Saved entries
++++++++++++++++++++
(* Let $\mathbb{H}=\{z\in\mathbb{C}:\operatorname{Im} z>0\}$ and let $\Phi:\mathbb{H}\to\mathbb{H}$ be holomorphic of hyperbolic type with Denjoy–Wolff point $\infty$, i.e. $A:=\inf_{z\in\mathbb{H}}\frac{\operatorname{Im}\Phi(z)}{\operatorname{Im} z}>1$. Suppose $\sigma:\mathbb{H}\to\mathbb{H}$ is holomorphic and satisfies $\sigma\circ\Phi=A\sigma$ on $\mathbb{H}$. Then $\sigma$ has non-tangential limit $\infty$ at $\infty$, it is semi-conformal at $\infty$, i.e. \[ \operatorname{K-lim}_{z\to\infty}\operatorname{Arg}\frac{\sigma(z)}{z}=0, \] and every other holomorphic map $\tilde\sigma:\mathbb{H}\to\mathbb{H}$ satisfying $\tilde\sigma\circ\Phi=A\tilde\sigma$ is of the form $\tilde\sigma=\mu\sigma$ for some constant $\mu>0$.
   Context: For a function $f$ on $\mathbb{H}$, $\operatorname{K-lim}_{z\to\infty}f(z)=L$ (non-tangential limit) means that $f(z)\to L$ as $z\to\infty$ within every sector $\{|\operatorname{Arg} z-\pi/2|<\pi/2-\delta\}$, $\delta>0$. $\operatorname{Arg}$ denotes the principal argument. *)

theory Defs
  imports "HOL-Complex_Analysis.Complex_Analysis"
begin

definition upper_half_plane :: "complex set" ("\<bbbH>") where
  "upper_half_plane = {z. Im z > 0}"

definition sector :: "real \<Rightarrow> complex set" where
  "sector \<delta> = {z. \<bar>Arg z - pi/2\<bar> < pi/2 - \<delta>}"

definition sector_at_infinity :: "real \<Rightarrow> complex filter" where
  "sector_at_infinity \<delta> = inf at_infinity (principal (sector \<delta>))"

definition Klim_infinity :: "(complex \<Rightarrow> 'a::topological_space) \<Rightarrow> 'a \<Rightarrow> bool" where
  "Klim_infinity f L \<longleftrightarrow> (\<forall>\<delta>>0. (f \<longlongrightarrow> L) (sector_at_infinity \<delta>))"

definition Klim_infinity_infinity :: "(complex \<Rightarrow> complex) \<Rightarrow> bool" where
  "Klim_infinity_infinity f \<longleftrightarrow> (\<forall>\<delta>>0. filterlim f at_infinity (sector_at_infinity \<delta>))"

end

(*
  Everything is driven by rescaling.  By the Schwarz-Pick lemma, the maps v |-> Phi (R v) / R and
  v |-> sigma (R v) / |sigma (i R)| form normal families of self-maps of the upper half-plane.
  Every limit of the first family as R -> oo is v |-> A v: its imaginary part is at least A Im v,
  with equality at i by the extremality of A, so it differs from A v by a real constant, which
  the growth bound |Phi (i R)| <= (R + 1/R) |Phi i| kills.  Passing the Schroeder equation and the
  Schwarz-Pick inequality to the limit, every limit G of the second family commutes with
  v |-> A v and moves points towards the imaginary axis; in the coordinate log v this forces G to
  be a dilation, and |G i| = 1 makes it the identity.  Hence sigma z ~ |sigma (i |z|)| z / |z|
  uniformly in sectors, which gives both non-tangential statements once |sigma (i R)| -> oo,
  a consequence of |sigma (i A R)| / |sigma (i R)| -> A.  For uniqueness, tau / sigma is invariant
  under Phi; the orbits of z and of i stay in a sector at bounded hyperbolic distance from each
  other, so along them the rescaling limits of sigma and tau agree, and tau / sigma takes the same
  positive value at z and at i.
*)

theory Submission
  imports Defs
begin

section \<open>Schwarz--Pick lemma on the upper half-plane\<close>

lemma in_upper_half_plane_iff [simp]: "z \<in> \<bbbH> \<longleftrightarrow> 0 < Im z"
  by (simp add: upper_half_plane_def)

lemma open_upper_half_plane: "open \<bbbH>"
  unfolding upper_half_plane_def by (rule open_halfspace_Im_gt)

lemma connected_upper_half_plane: "connected \<bbbH>"
  unfolding upper_half_plane_def by (rule connected_halfspace_Im_gt)

lemma self_map_Im_pos:
  assumes "f ` \<bbbH> \<subseteq> \<bbbH>" "0 < Im z"
  shows "0 < Im (f z)"
  using assms unfolding image_subset_iff by simp

lemma funpow_self_map_Im_pos:
  assumes "f ` \<bbbH> \<subseteq> \<bbbH>" "0 < Im z"
  shows "0 < Im ((f ^^ n) z)"
  by (induction n) (simp_all add: assms self_map_Im_pos)

lemma Im_le_cmod: "Im z \<le> cmod z"
  using abs_Im_le_cmod[of z] by linarith

lemma norm_diff_cnj_sq: "(cmod (p - cnj q))\<^sup>2 = (cmod (p - q))\<^sup>2 + 4 * Im p * Im q"
  unfolding cmod_power2 by (simp add: algebra_simps power2_eq_square)

lemma diff_cnj_nonzero:
  assumes "0 < Im p" "0 < Im q"
  shows "p - cnj q \<noteq> 0"
proof
  assume "p - cnj q = 0"
  then have "Im (p - cnj q) = 0" by simp
  with assms show False by simp
qed

lemma norm_cayley_lt_1:
  assumes "0 < Im w" "0 < Im a"
  shows "cmod ((w - a) / (w - cnj a)) < 1"
proof -
  have "(cmod (w - a))\<^sup>2 < (cmod (w - cnj a))\<^sup>2"
    using norm_diff_cnj_sq[of w a] assms by simp
  then have "cmod (w - a) < cmod (w - cnj a)"
    by (meson norm_ge_zero power_less_imp_less_base)
  then show ?thesis
    using diff_cnj_nonzero[OF assms] by (simp add: norm_divide divide_less_eq)
qed

lemma Schwarz_Pick_cayley:
  assumes hol: "f holomorphic_on \<bbbH>" and maps: "f ` \<bbbH> \<subseteq> \<bbbH>"
    and z0: "0 < Im z0" and z: "0 < Im z"
  shows "cmod ((f z - f z0) / (f z - cnj (f z0))) \<le> cmod ((z - z0) / (z - cnj z0))"
proof -
  define M where "M u = (z0 - cnj z0 * u) / (1 - u)" for u
  define g where "g u = (f (M u) - f z0) / (f (M u) - cnj (f z0))" for u
  have Im_M: "Im (M u) = Im z0 * (1 - (cmod u)\<^sup>2) / (cmod (1 - u))\<^sup>2" for u
    unfolding M_def cmod_power2 by (simp add: Im_divide algebra_simps power2_eq_square)
  have M_in: "0 < Im (M u)" if "cmod u < 1" for u
  proof -
    have "u \<noteq> 1" using that by auto
    moreover have "(cmod u)\<^sup>2 < 1" using that by (simp add: abs_square_less_1)
    ultimately show ?thesis using z0 by (simp add: Im_M)
  qed
  have "M holomorphic_on ball 0 1"
    unfolding M_def by (intro holomorphic_intros) auto
  then have "(f \<circ> M) holomorphic_on ball 0 1"
    by (rule holomorphic_on_compose_gen[OF _ hol]) (use M_in in auto)
  then have hol_g: "g holomorphic_on ball 0 1"
    unfolding g_def using diff_cnj_nonzero self_map_Im_pos[OF maps] M_in z0
    by (intro holomorphic_intros) (auto simp: o_def)
  have g_lt_1: "cmod (g u) < 1" if "cmod u < 1" for u
    unfolding g_def using norm_cayley_lt_1 self_map_Im_pos[OF maps] M_in[OF that] z0 by auto
  have "g 0 = 0" by (simp add: g_def M_def)
  define u where "u = (z - z0) / (z - cnj z0)"
  have u: "cmod u < 1" unfolding u_def using norm_cayley_lt_1 z z0 by auto
  have "M u = z"
  proof -
    have d1: "z - cnj z0 \<noteq> 0" and d2: "z0 - cnj z0 \<noteq> 0"
      using diff_cnj_nonzero z z0 by auto
    have "1 - u = (z0 - cnj z0) / (z - cnj z0)" and "z0 - cnj z0 * u = z * (z0 - cnj z0) / (z - cnj z0)"
      unfolding u_def using d1 by (simp_all add: field_simps)
    then show ?thesis unfolding M_def using d1 d2 by simp
  qed
  with Schwarz_Lemma(1)[OF hol_g \<open>g 0 = 0\<close> g_lt_1 u] show ?thesis
    by (simp add: g_def u_def)
qed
++++++++++++++++++++
▶ _Work required_: Go through the records above and return every line that holds the string "hyperbolic".

▶ _Answer for the task_:
(* Let $\mathbb{H}=\{z\in\mathbb{C}:\operatorname{Im} z>0\}$ and let $\Phi:\mathbb{H}\to\mathbb{H}$ be holomorphic of hyperbolic type with Denjoy–Wolff point $\infty$, i.e. $A:=\inf_{z\in\mathbb{H}}\frac{\operatorname{Im}\Phi(z)}{\operatorname{Im} z}>1$. Suppose $\sigma:\mathbb{H}\to\mathbb{H}$ is holomorphic and satisfies $\sigma\circ\Phi=A\sigma$ on $\mathbb{H}$. Then $\sigma$ has non-tangential limit $\infty$ at $\infty$, it is semi-conformal at $\infty$, i.e. \[ \operatorname{K-lim}_{z\to\infty}\operatorname{Arg}\frac{\sigma(z)}{z}=0, \] and every other holomorphic map $\tilde\sigma:\mathbb{H}\to\mathbb{H}$ satisfying $\tilde\sigma\circ\Phi=A\tilde\sigma$ is of the form $\tilde\sigma=\mu\sigma$ for some constant $\mu>0$.
  under Phi; the orbits of z and of i stay in a sector at bounded hyperbolic distance from each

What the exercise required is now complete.